Start of Exercise data
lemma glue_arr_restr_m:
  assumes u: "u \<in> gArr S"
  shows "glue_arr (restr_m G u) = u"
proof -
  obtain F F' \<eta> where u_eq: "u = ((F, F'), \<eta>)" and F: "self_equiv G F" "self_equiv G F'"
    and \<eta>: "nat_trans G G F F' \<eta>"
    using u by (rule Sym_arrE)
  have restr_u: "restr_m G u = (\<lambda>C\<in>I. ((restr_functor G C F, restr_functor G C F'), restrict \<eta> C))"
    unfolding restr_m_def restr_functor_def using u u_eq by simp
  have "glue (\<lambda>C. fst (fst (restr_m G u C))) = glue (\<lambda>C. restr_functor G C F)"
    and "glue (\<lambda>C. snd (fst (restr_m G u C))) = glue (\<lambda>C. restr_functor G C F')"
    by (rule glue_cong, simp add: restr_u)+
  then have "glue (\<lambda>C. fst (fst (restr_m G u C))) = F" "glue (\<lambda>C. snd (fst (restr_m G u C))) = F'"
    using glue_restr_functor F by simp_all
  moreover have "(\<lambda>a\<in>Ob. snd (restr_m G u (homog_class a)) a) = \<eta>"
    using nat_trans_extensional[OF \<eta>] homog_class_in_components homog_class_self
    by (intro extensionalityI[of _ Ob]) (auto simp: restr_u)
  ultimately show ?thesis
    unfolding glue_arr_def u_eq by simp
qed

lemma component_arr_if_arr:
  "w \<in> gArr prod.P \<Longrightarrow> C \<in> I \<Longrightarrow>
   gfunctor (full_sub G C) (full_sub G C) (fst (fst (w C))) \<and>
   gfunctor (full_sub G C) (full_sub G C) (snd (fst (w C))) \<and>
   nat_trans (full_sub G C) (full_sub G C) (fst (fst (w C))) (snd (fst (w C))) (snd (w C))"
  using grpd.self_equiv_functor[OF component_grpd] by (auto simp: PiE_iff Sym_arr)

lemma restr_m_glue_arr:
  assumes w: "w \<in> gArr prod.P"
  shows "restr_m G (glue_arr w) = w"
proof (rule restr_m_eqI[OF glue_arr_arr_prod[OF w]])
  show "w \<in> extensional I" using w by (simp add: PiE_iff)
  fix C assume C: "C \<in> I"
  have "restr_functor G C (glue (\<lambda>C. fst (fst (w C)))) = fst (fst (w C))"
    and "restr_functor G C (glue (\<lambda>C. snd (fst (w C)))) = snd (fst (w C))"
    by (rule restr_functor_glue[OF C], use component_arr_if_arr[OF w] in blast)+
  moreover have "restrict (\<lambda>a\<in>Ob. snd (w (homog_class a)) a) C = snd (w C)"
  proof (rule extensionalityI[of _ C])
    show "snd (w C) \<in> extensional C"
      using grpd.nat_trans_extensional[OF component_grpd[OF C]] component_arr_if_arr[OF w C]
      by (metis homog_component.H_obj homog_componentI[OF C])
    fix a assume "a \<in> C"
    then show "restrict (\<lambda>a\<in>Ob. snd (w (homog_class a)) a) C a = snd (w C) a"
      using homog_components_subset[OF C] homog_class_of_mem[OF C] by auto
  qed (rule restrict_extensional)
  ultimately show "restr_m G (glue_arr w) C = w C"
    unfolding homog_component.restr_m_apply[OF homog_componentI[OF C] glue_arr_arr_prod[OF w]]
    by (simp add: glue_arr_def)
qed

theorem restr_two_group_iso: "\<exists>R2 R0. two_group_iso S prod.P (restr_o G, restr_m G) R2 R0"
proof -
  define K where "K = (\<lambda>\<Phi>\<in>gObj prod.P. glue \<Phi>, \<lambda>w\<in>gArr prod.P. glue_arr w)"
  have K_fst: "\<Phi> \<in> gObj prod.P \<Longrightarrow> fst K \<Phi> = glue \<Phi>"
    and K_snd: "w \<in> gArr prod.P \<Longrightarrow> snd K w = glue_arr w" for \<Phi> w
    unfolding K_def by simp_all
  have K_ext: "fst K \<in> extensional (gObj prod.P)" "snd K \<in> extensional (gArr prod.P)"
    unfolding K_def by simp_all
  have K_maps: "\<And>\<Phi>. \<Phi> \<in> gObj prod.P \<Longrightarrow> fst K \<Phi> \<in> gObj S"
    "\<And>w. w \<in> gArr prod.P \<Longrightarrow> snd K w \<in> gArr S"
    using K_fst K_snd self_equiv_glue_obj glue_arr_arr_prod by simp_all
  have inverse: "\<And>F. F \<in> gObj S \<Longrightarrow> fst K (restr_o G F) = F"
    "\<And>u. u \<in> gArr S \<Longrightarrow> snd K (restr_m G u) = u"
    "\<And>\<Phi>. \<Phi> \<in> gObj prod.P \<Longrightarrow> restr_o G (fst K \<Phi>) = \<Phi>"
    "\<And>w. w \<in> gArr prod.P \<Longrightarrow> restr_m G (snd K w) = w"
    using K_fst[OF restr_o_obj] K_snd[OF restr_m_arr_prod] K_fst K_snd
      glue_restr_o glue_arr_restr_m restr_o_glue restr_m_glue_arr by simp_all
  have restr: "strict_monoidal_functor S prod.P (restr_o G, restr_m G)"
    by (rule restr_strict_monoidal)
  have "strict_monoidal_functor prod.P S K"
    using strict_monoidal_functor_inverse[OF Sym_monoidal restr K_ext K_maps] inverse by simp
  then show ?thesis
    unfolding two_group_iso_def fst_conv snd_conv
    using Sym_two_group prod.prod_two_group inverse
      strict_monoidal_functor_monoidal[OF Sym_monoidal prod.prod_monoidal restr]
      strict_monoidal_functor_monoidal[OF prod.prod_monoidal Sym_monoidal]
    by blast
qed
End of Exercise data
Directions for this task — From the first line to the last, return the listing exactly.

Solved exercise —
lemma glue_arr_restr_m:
  assumes u: "u \<in> gArr S"
  shows "glue_arr (restr_m G u) = u"
proof -
  obtain F F' \<eta> where u_eq: "u = ((F, F'), \<eta>)" and F: "self_equiv G F" "self_equiv G F'"
    and \<eta>: "nat_trans G G F F' \<eta>"
    using u by (rule Sym_arrE)
  have restr_u: "restr_m G u = (\<lambda>C\<in>I. ((restr_functor G C F, restr_functor G C F'), restrict \<eta> C))"
    unfolding restr_m_def restr_functor_def using u u_eq by simp
  have "glue (\<lambda>C. fst (fst (restr_m G u C))) = glue (\<lambda>C. restr_functor G C F)"
    and "glue (\<lambda>C. snd (fst (restr_m G u C))) = glue (\<lambda>C. restr_functor G C F')"
    by (rule glue_cong, simp add: restr_u)+
  then have "glue (\<lambda>C. fst (fst (restr_m G u C))) = F" "glue (\<lambda>C. snd (fst (restr_m G u C))) = F'"
    using glue_restr_functor F by simp_all
  moreover have "(\<lambda>a\<in>Ob. snd (restr_m G u (homog_class a)) a) = \<eta>"
    using nat_trans_extensional[OF \<eta>] homog_class_in_components homog_class_self
    by (intro extensionalityI[of _ Ob]) (auto simp: restr_u)
  ultimately show ?thesis
    unfolding glue_arr_def u_eq by simp
qed

lemma component_arr_if_arr:
  "w \<in> gArr prod.P \<Longrightarrow> C \<in> I \<Longrightarrow>
   gfunctor (full_sub G C) (full_sub G C) (fst (fst (w C))) \<and>
   gfunctor (full_sub G C) (full_sub G C) (snd (fst (w C))) \<and>
   nat_trans (full_sub G C) (full_sub G C) (fst (fst (w C))) (snd (fst (w C))) (snd (w C))"
  using grpd.self_equiv_functor[OF component_grpd] by (auto simp: PiE_iff Sym_arr)

lemma restr_m_glue_arr:
  assumes w: "w \<in> gArr prod.P"
  shows "restr_m G (glue_arr w) = w"
proof (rule restr_m_eqI[OF glue_arr_arr_prod[OF w]])
  show "w \<in> extensional I" using w by (simp add: PiE_iff)
  fix C assume C: "C \<in> I"
  have "restr_functor G C (glue (\<lambda>C. fst (fst (w C)))) = fst (fst (w C))"
    and "restr_functor G C (glue (\<lambda>C. snd (fst (w C)))) = snd (fst (w C))"
    by (rule restr_functor_glue[OF C], use component_arr_if_arr[OF w] in blast)+
  moreover have "restrict (\<lambda>a\<in>Ob. snd (w (homog_class a)) a) C = snd (w C)"
  proof (rule extensionalityI[of _ C])
    show "snd (w C) \<in> extensional C"
      using grpd.nat_trans_extensional[OF component_grpd[OF C]] component_arr_if_arr[OF w C]
      by (metis homog_component.H_obj homog_componentI[OF C])
    fix a assume "a \<in> C"
    then show "restrict (\<lambda>a\<in>Ob. snd (w (homog_class a)) a) C a = snd (w C) a"
      using homog_components_subset[OF C] homog_class_of_mem[OF C] by auto
  qed (rule restrict_extensional)
  ultimately show "restr_m G (glue_arr w) C = w C"
    unfolding homog_component.restr_m_apply[OF homog_componentI[OF C] glue_arr_arr_prod[OF w]]
    by (simp add: glue_arr_def)
qed

theorem restr_two_group_iso: "\<exists>R2 R0. two_group_iso S prod.P (restr_o G, restr_m G) R2 R0"
proof -
  define K where "K = (\<lambda>\<Phi>\<in>gObj prod.P. glue \<Phi>, \<lambda>w\<in>gArr prod.P. glue_arr w)"
  have K_fst: "\<Phi> \<in> gObj prod.P \<Longrightarrow> fst K \<Phi> = glue \<Phi>"
    and K_snd: "w \<in> gArr prod.P \<Longrightarrow> snd K w = glue_arr w" for \<Phi> w
    unfolding K_def by simp_all
  have K_ext: "fst K \<in> extensional (gObj prod.P)" "snd K \<in> extensional (gArr prod.P)"
    unfolding K_def by simp_all
  have K_maps: "\<And>\<Phi>. \<Phi> \<in> gObj prod.P \<Longrightarrow> fst K \<Phi> \<in> gObj S"
    "\<And>w. w \<in> gArr prod.P \<Longrightarrow> snd K w \<in> gArr S"
    using K_fst K_snd self_equiv_glue_obj glue_arr_arr_prod by simp_all
  have inverse: "\<And>F. F \<in> gObj S \<Longrightarrow> fst K (restr_o G F) = F"
    "\<And>u. u \<in> gArr S \<Longrightarrow> snd K (restr_m G u) = u"
    "\<And>\<Phi>. \<Phi> \<in> gObj prod.P \<Longrightarrow> restr_o G (fst K \<Phi>) = \<Phi>"
    "\<And>w. w \<in> gArr prod.P \<Longrightarrow> restr_m G (snd K w) = w"
    using K_fst[OF restr_o_obj] K_snd[OF restr_m_arr_prod] K_fst K_snd
      glue_restr_o glue_arr_restr_m restr_o_glue restr_m_glue_arr by simp_all
  have restr: "strict_monoidal_functor S prod.P (restr_o G, restr_m G)"
    by (rule restr_strict_monoidal)
  have "strict_monoidal_functor prod.P S K"
    using strict_monoidal_functor_inverse[OF Sym_monoidal restr K_ext K_maps] inverse by simp
  then show ?thesis
    unfolding two_group_iso_def fst_conv snd_conv
    using Sym_two_group prod.prod_two_group inverse
      strict_monoidal_functor_monoidal[OF Sym_monoidal prod.prod_monoidal restr]
      strict_monoidal_functor_monoidal[OF prod.prod_monoidal Sym_monoidal]
    by blast
qed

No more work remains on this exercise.